A little more about William Becker.  He was married twice, there were no children by either.  His estate went to his second wife's sister who had no interest in Becker or his music.  There was something in his will that required a public performance of his works and reluctantly she acceded to this and which resulted in the recording referred to.  There is also a recording of the rehearsal of Kelly and his pupil playing the two piano score. 

The problem my contact has is that he cannot find out who now owns the copyright.

 

Mark Thomas

How interesting.

Isn't it odd the alleyways down which we sometimes find ourselves wandering? I spent several fruitless days on genealogy sites contacting people who had Raff's brother Joseph Kaspar in their family tree to see if any of them had a photo. None replied and I got no reply either from my email to Binghamton NY library. It was only mild curiosity, but it kept me happy for days...

giles.enders

Jumping from Becker to Raff's brother is a big leap.  I have a hunch that if a photo is anywhere, it will be in Wiesbaden.  What are his dates and what was his profession?

Mark Thomas

Oh, I was just getting diverted into musing on how I get diverted. There is no link with Becker.

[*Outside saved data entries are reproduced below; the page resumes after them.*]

(* Let $S\subset\mathbb{T}^2$ be compact and suppose no non-zero positive Borel measure in $A_{\vec 0}(\mathbb{D}^2)^\perp$ has support contained in $S$. Then for every positive finite Borel measure $\mu$ on $\mathbb{T}^2$ with support contained in $S$, the closed subspace of $L^2(d\mu)$ spanned by $A_{\vec 0}(\mathbb{D}^2)$ equals the closed subspace of $L^2(d\mu)$ spanned by $A(\mathbb{D}^2)$.
   Context: $A(\mathbb{D}^2)$ is the bidisc algebra (continuous on $\overline{\mathbb{D}}^2$, holomorphic on $\mathbb{D}^2$), regarded as a subspace of $C(\mathbb{T}^2)$; $A_{\vec 0}(\mathbb{D}^2)=\{z_1z_2 f: f\in A(\mathbb{D}^2)\}$; $A_{\vec 0}(\mathbb{D}^2)^\perp$ is the set of complex Borel measures of bounded variation on $\mathbb{T}^2$ annihilating every function in $A_{\vec 0}(\mathbb{D}^2)$. *)

theory Defs
  imports "HOL-Complex_Analysis.Complex_Analysis" "HOL-Probability.Probability"
begin

definition torus2 :: "(complex \<times> complex) set" where
  "torus2 = {p. cmod (fst p) = 1 \<and> cmod (snd p) = 1}"

text \<open>The bidisc algebra A(D^2): continuous on the closed bidisc, holomorphic on the
  open bidisc (holomorphic in each variable separately, which together with continuity
  is the usual notion of holomorphy, by Osgood's lemma).\<close>
definition bidisc_algebra :: "(complex \<times> complex \<Rightarrow> complex) set" where
  "bidisc_algebra = {f. continuous_on (cball 0 1 \<times> cball 0 1) f \<and>
      (\<forall>w \<in> ball 0 1. (\<lambda>z. f (z, w)) holomorphic_on ball 0 1) \<and>
      (\<forall>z \<in> ball 0 1. (\<lambda>w. f (z, w)) holomorphic_on ball 0 1)}"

Raff's brother Kaspar (1831-1893) emigrated to the US in 1855 and from 1858 lived in Owego NY. He set himself up as "Professor Joseph C Raff", a music teacher and leader of local cornet bands. He wrote an amount of  light piano music (confusingly for posterity published as being by J. Raff or Joseph Raff) and retired in 1888, moving to nearby Binghamton where he died. As far as I can tell, he made one trip back to Germany in 1890, by which time big brother Joseph Joachim had been in his grave for eight years. If you want to hear a couple of his piano pieces go here. Of course, there is a chance that the family back in Germany had a photo of him, but the Raff wasn't close to his own family and in any event it would be amongst the Raff papers which are all in Munich. I thought it worth an email or two to the US, but really I was only idly interested to see what Joachim's brother looked like.

eschiss1

that actually brings up something.
I want to create a category on IMSLP for Joachim's brother (composers, editors, etc. have categories rather than pages there, for those yet unfamiliar with the site...) to preserve copies of the LOC scans of Kaspar's music, with attribution- standard practice of mine and something I believe the site is for - but the evidence and reasoning that in my opinion strongly establishes that "Joseph Raff", LOC-style, is not Joachim Raff but rather his brother (except for a work or so that's definitely by Joachim- one needs a language in which to talk about this in which this makes sense...)

the evidence, the reasoning is not mine, but that of a few people on this forum in varying proportions, and I should probably resurrect the earlier thread to do this but do feel a need to ask a certain intellectual-property-permission before going forward.  And so I do.

Mark Thomas

My apologies to Alan for this thread going off piste, the responsibility is entirely mine.

Eric, you have my permission, blessing, enthusiastic encouragement and anything else you need, to use whatever I have come up with to establish at IMSLP Joseph C(aspar) Raff as the composer of the LOC works which we have identified. All I know is on this site and is summarised on the Raff web site here. If I can find out any more then I'll be sure to let you now.